The Patriarchy Steals Our Boys

The Patriarchy Steals Our Boys
The Patriarchy Steals Our Boys. We Must Face the Reality, or it will never change. And it must.

One of the most painful truths of being a woman in patriarchy—especially a mother to boys—is not fear or grief. It is abandonment.

The knowledge that you can give your entire life to loving, protecting, and raising others, and still discover that when you are endangered, suffering, or treated as disposable, no institution, no man, no son feels responsible for you.

This realization is almost unbearable.

So women do not face it directly.

Instead, we deny it.

Denial is not stupidity. It is not weakness. It is a psychological survival strategy. Because to fully absorb the truth—that your care was expected but never reciprocated, that your safety was never central to anyone else’s sense of obligation—can feel like psychic annihilation.

I have spoken to many mothers who say the same thing in different words:

“I feel like I lost my son.”
“I keep wondering what I did wrong.”
“If I could just understand the mistake, maybe I could fix it.”

But that question—What did I do?—is often a way of avoiding a far more devastating truth: this is not about a correctable error. And it may not be about you at all.

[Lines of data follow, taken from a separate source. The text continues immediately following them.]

lemma nn_integral_pair_haar_S3_qmult_right:
  assumes "haar_S3 \<nu>1" "haar_S3 \<nu>2" and x: "x \<in> S3" and y: "y \<in> S3"
    and f [measurable]: "f \<in> borel_measurable borel"
  shows "(\<integral>\<^sup>+ p. f (qmult (fst p) x, qmult (snd p) y) \<partial>(\<nu>1 \<Otimes>\<^sub>M \<nu>2)) = (\<integral>\<^sup>+ p. f p \<partial>(\<nu>1 \<Otimes>\<^sub>M \<nu>2))"
proof -
  interpret M1: haar_S3 \<nu>1 by fact
  interpret M2: haar_S3 \<nu>2 by fact
  interpret pair_sigma_finite \<nu>1 \<nu>2
    by (simp add: pair_sigma_finite_def M1.sigma_finite M2.sigma_finite)
  have [measurable]: "(\<lambda>p. p) \<in> borel_measurable (\<nu>1 \<Otimes>\<^sub>M \<nu>2)"
    using measurable_Pair[of fst "\<nu>1 \<Otimes>\<^sub>M \<nu>2" borel snd borel] by (simp add: borel_prod)
  have "(\<integral>\<^sup>+ p. f (qmult (fst p) x, qmult (snd p) y) \<partial>(\<nu>1 \<Otimes>\<^sub>M \<nu>2))
      = (\<integral>\<^sup>+ a. (\<integral>\<^sup>+ b. f (qmult a x, qmult b y) \<partial>\<nu>2) \<partial>\<nu>1)"
    by (subst M2.nn_integral_fst[symmetric]) measurable
  also have "\<dots> = (\<integral>\<^sup>+ a. (\<integral>\<^sup>+ b. f (qmult a x, b) \<partial>\<nu>2) \<partial>\<nu>1)"
    using y by (simp add: M2.nn_integral_qmult_right[where f = "\<lambda>b. f (qmult _ x, b)"])
  also have "\<dots> = (\<integral>\<^sup>+ b. (\<integral>\<^sup>+ a. f (qmult a x, b) \<partial>\<nu>1) \<partial>\<nu>2)"
    by (rule nn_integral_swap[OF M1.sigma_finite M2.sigma_finite]) measurable
  also have "\<dots> = (\<integral>\<^sup>+ b. (\<integral>\<^sup>+ a. f (a, b) \<partial>\<nu>1) \<partial>\<nu>2)"
    using x by (simp add: M1.nn_integral_qmult_right[where f = "\<lambda>a. f (a, _)"])
  also have "\<dots> = (\<integral>\<^sup>+ p. f p \<partial>(\<nu>1 \<Otimes>\<^sub>M \<nu>2))"
    by (rule nn_integral_snd) measurable
  finally show ?thesis .
qed

definition fst_marginal :: "(quat \<times> quat) measure \<Rightarrow> quat measure" where
  "fst_marginal \<mu> = distr \<mu> (restrict_space borel S3) fst"

definition snd_marginal :: "(quat \<times> quat) measure \<Rightarrow> quat measure" where
  "snd_marginal \<mu> = distr \<mu> (restrict_space borel S3) snd"

context
  fixes \<mu> :: "(quat \<times> quat) measure"
  assumes haar: "is_haar_qtorus2 \<mu>"
begin

lemma prob_space_haar_qtorus2: "prob_space \<mu>"
  using haar by (simp add: is_haar_qtorus2_def)

lemma space_haar_qtorus2: "space \<mu> = S3 \<times> S3"
  using haar by (simp add: is_haar_qtorus2_def qtorus2_eq)

lemma sets_haar_qtorus2: "sets \<mu> = sets (restrict_space borel (S3 \<times> S3))"
  using haar by (simp add: is_haar_qtorus2_def qtorus2_eq)

lemma measurable_ident_haar_qtorus2 [measurable]: "(\<lambda>x. x) \<in> measurable \<mu> borel"
  unfolding measurable_cong_sets[OF sets_haar_qtorus2 refl] by (rule measurable_restrict_space1) simp

lemma measurable_translate_haar_qtorus2:
  assumes "a \<in> S3" "b \<in> S3"
  shows "(\<lambda>(x, y). (qmult a x, qmult b y)) \<in> measurable \<mu> \<mu>"
  unfolding measurable_cong_sets[OF sets_haar_qtorus2 sets_haar_qtorus2]
  using assms by (intro measurable_restrict_space3) (measurable, auto simp: norm_qmult)

lemma distr_translate_haar_qtorus2:
  assumes "a \<in> S3" "b \<in> S3"
  shows "distr \<mu> \<mu> (\<lambda>(x, y). (qmult a x, qmult b y)) = \<mu>"
proof -
  have "(a, b) \<in> qtorus2"
    using assms by (simp add: qtorus2_eq)
  then show ?thesis
    using haar unfolding is_haar_qtorus2_def by blast
qed

lemma nn_integral_translate_haar_qtorus2:
  assumes a: "a \<in> S3" and b: "b \<in> S3" and f [measurable]: "f \<in> borel_measurable borel"
  shows "(\<integral>\<^sup>+ z. f (qmult a (fst z), qmult b (snd z)) \<partial>\<mu>) = (\<integral>\<^sup>+ z. f z \<partial>\<mu>)"
proof -
  have "(\<integral>\<^sup>+ z. f z \<partial>\<mu>) = (\<integral>\<^sup>+ z. f z \<partial>distr \<mu> \<mu> (\<lambda>(x, y). (qmult a x, qmult b y)))"
    by (simp add: distr_translate_haar_qtorus2[OF a b])
  also have "\<dots> = (\<integral>\<^sup>+ z. f ((\<lambda>(x, y). (qmult a x, qmult b y)) z) \<partial>\<mu>)"
    by (rule nn_integral_distr[OF measurable_translate_haar_qtorus2[OF a b]]) measurable
  finally show ?thesis
    by (simp add: case_prod_beta')
qed

lemma haar_fst_marginal: "haar_S3 (fst_marginal \<mu>)"
  unfolding fst_marginal_def
proof (rule haar_S3_distr[OF prob_space_haar_qtorus2])
  show "fst \<in> measurable \<mu> (restrict_space borel S3)"
    unfolding measurable_cong_sets[OF sets_haar_qtorus2 refl] by (rule measurable_restrict_space3) (measurable, auto)
  fix a :: quat assume "a \<in> S3"
  then show "\<exists>T \<in> measurable \<mu> \<mu>. distr \<mu> \<mu> T = \<mu> \<and> (\<forall>z \<in> space \<mu>. fst (T z) = qmult a (fst z))"
    using measurable_translate_haar_qtorus2[of a qone] distr_translate_haar_qtorus2[of a qone]
    by (intro bexI[of _ "\<lambda>(x, y). (qmult a x, qmult qone y)"]) auto
qed

lemma haar_snd_marginal: "haar_S3 (snd_marginal \<mu>)"
  unfolding snd_marginal_def
proof (rule haar_S3_distr[OF prob_space_haar_qtorus2])
  show "snd \<in> measurable \<mu> (restrict_space borel S3)"
    unfolding measurable_cong_sets[OF sets_haar_qtorus2 refl] by (rule measurable_restrict_space3) (measurable, auto)
  fix b :: quat assume "b \<in> S3"
  then show "\<exists>T \<in> measurable \<mu> \<mu>. distr \<mu> \<mu> T = \<mu> \<and> (\<forall>z \<in> space \<mu>. snd (T z) = qmult b (snd z))"
    using measurable_translate_haar_qtorus2[of qone b] distr_translate_haar_qtorus2[of qone b]
    by (intro bexI[of _ "\<lambda>(x, y). (qmult qone x, qmult b y)"]) auto
qed

text \<open>Averaging over all translations \<open>(a, b)\<close>, drawn from the product of the marginals, shows
  that \<open>\<mu>\<close> is the product of its marginals.\<close>

lemma nn_integral_haar_qtorus2:
  assumes f [measurable]: "f \<in> borel_measurable borel"
  shows "(\<integral>\<^sup>+ z. f z \<partial>\<mu>) = (\<integral>\<^sup>+ z. f z \<partial>(fst_marginal \<mu> \<Otimes>\<^sub>M snd_marginal \<mu>))"
proof -
  interpret prob_space \<mu> by (rule prob_space_haar_qtorus2)
  interpret M1: haar_S3 "fst_marginal \<mu>" by (rule haar_fst_marginal)
  interpret M2: haar_S3 "snd_marginal \<mu>" by (rule haar_snd_marginal)
  interpret P: pair_prob_space "fst_marginal \<mu>" "snd_marginal \<mu>"
    by (simp add: pair_prob_space_def pair_sigma_finite_def M1.sigma_finite M2.sigma_finite
        M1.prob_space_axioms M2.prob_space_axioms)
  let ?P = "fst_marginal \<mu> \<Otimes>\<^sub>M snd_marginal \<mu>"
  have "(\<integral>\<^sup>+ z. f z \<partial>\<mu>) = (\<integral>\<^sup>+ p. (\<integral>\<^sup>+ z. f z \<partial>\<mu>) \<partial>?P)"
    by (simp add: P.P.emeasure_space_1)
  also have "\<dots> = (\<integral>\<^sup>+ p. (\<integral>\<^sup>+ z. f (qmult (fst p) (fst z), qmult (snd p) (snd z)) \<partial>\<mu>) \<partial>?P)"
    by (intro nn_integral_cong nn_integral_translate_haar_qtorus2[symmetric])
       (auto simp: space_pair_measure M1.space_eq M2.space_eq)
  also have "\<dots> = (\<integral>\<^sup>+ z. (\<integral>\<^sup>+ p. f (qmult (fst p) (fst z), qmult (snd p) (snd z)) \<partial>?P) \<partial>\<mu>)"
    by (rule nn_integral_swap[OF prob_space_imp_sigma_finite prob_space_imp_sigma_finite])
       (simp_all add: P.P.prob_space_axioms prob_space_axioms)
  also have "\<dots> = (\<integral>\<^sup>+ z. (\<integral>\<^sup>+ p. f p \<partial>?P) \<partial>\<mu>)"
    by (intro nn_integral_cong nn_integral_pair_haar_S3_qmult_right[OF haar_fst_marginal haar_snd_marginal])
       (auto simp: space_haar_qtorus2)
  also have "\<dots> = (\<integral>\<^sup>+ z. f z \<partial>?P)"
    by (simp add: emeasure_space_1)
  finally show ?thesis .
qed

end

section \<open>Moments of the Haar measure\<close>

lemma sum_even_powers_reindex:
  fixes g :: "nat \<Rightarrow> 'a::comm_semiring_1"
  shows "(\<Sum>j\<le>n. g j * l ^ (2 * j)) = (\<Sum>k\<le>2 * n. (if even k then g (k div 2) else 0) * l ^ k)"
proof (induction n)
  case (Suc n)
  have "2 * Suc n = Suc (Suc (2 * n))"
    by simp
  then show ?case
    using Suc by simp
qed simp

definition binom_half :: "nat \<Rightarrow> real" where
  "binom_half n = fact (2 * n) / (4 ^ n * (fact n)\<^sup>2)"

Denial steps in to protect women from recognizing how conditional their value actually is—how easily love is withdrawn once a woman’s usefulness, obedience, or emotional labor is no longer being actively extracted.

It is often less painful to believe I failed than to believe I was never loved in the way I thought I was.

So women tell themselves stories:

He’s just busy.
He doesn’t mean it.
It’s a phase.
If I’m patient, he’ll come back.
If I explain it better, he’ll understand.

These stories allow women to stay functional. To get through the day. To avoid collapsing under the weight of a grief that has no culturally acceptable name.

Because there is no ritual for mourning someone who is still alive but absent.

There is no language for grieving love that turns out to be thin, situational, or transactional.

And there is very little permission—especially for mothers—to say:

This hurts because I was not loved as much as I was told I was.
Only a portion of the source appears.